→ **TASK TO CARRY OUT**
Beneath this line is the data. Output exactly the lines from the line with "v))) \<le> card (R \<inter>" to the line with "b(1,2) insert_Diff[OF \<open>x \<in> V\<close>]", both ends included, and nothing more.

→ **GIVEN RECORDS**
»»
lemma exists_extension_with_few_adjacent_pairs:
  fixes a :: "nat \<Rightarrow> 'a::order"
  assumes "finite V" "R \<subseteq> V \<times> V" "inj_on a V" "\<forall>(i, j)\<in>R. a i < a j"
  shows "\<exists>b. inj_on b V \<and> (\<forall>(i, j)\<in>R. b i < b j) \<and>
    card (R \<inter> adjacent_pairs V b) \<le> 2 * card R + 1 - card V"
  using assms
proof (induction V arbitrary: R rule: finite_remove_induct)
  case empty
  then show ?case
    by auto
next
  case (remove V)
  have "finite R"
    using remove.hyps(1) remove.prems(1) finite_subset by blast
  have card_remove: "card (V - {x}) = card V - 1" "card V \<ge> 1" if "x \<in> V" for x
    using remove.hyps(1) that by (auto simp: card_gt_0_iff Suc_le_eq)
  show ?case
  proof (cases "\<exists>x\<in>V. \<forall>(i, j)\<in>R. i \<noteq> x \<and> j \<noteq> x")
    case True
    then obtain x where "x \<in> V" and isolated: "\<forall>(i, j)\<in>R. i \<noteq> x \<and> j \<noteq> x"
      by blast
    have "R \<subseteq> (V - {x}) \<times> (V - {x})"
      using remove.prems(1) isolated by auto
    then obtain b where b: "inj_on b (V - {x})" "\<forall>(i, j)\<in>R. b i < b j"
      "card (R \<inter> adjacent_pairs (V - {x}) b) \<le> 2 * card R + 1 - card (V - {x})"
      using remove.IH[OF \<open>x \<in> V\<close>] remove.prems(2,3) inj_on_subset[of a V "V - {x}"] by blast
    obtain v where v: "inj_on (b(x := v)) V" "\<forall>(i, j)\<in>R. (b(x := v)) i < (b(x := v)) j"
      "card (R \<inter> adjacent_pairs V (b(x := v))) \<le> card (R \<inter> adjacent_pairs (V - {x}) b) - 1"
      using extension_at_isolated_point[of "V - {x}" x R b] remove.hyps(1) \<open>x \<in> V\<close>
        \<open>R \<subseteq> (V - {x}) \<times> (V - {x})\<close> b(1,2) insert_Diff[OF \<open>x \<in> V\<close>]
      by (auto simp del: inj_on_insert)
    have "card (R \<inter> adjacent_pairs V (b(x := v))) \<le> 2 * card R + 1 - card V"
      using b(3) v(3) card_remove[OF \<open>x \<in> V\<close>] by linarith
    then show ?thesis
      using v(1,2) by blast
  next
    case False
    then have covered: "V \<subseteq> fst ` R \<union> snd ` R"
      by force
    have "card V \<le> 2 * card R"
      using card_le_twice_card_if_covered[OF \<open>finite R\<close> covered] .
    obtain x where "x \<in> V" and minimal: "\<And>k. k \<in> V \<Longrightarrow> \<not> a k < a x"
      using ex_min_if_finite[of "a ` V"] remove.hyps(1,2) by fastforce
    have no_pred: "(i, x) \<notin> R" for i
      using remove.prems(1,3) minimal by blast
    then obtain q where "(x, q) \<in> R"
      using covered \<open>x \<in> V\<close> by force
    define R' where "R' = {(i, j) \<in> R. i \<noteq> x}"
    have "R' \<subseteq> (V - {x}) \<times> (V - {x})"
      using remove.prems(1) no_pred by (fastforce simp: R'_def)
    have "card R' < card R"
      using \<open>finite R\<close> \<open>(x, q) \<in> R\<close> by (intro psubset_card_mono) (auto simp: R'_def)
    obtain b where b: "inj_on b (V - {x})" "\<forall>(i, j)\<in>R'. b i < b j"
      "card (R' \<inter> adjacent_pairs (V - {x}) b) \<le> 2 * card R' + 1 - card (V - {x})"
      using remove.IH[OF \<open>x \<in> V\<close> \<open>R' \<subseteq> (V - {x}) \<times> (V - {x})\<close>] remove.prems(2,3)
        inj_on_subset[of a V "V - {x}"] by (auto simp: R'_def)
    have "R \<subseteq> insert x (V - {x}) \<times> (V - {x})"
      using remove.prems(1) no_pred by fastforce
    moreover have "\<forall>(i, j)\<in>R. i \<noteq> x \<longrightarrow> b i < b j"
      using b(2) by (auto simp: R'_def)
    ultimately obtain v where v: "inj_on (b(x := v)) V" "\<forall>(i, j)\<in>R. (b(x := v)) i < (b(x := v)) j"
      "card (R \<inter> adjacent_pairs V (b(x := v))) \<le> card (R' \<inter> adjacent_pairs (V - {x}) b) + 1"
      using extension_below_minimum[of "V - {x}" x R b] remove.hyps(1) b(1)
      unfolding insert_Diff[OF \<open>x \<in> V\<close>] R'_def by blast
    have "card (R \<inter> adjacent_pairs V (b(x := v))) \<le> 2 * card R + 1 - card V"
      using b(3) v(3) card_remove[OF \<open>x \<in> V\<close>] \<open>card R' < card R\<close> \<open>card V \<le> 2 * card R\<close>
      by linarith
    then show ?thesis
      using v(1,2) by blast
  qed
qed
««
→ **EXERCISE OUTPUT**
      "card (R \<inter> adjacent_pairs V (b(x := v))) \<le> card (R \<inter> adjacent_pairs (V - {x}) b) - 1"
      using extension_at_isolated_point[of "V - {x}" x R b] remove.hyps(1) \<open>x \<in> V\<close>
        \<open>R \<subseteq> (V - {x}) \<times> (V - {x})\<close> b(1,2) insert_Diff[OF \<open>x \<in> V\<close>]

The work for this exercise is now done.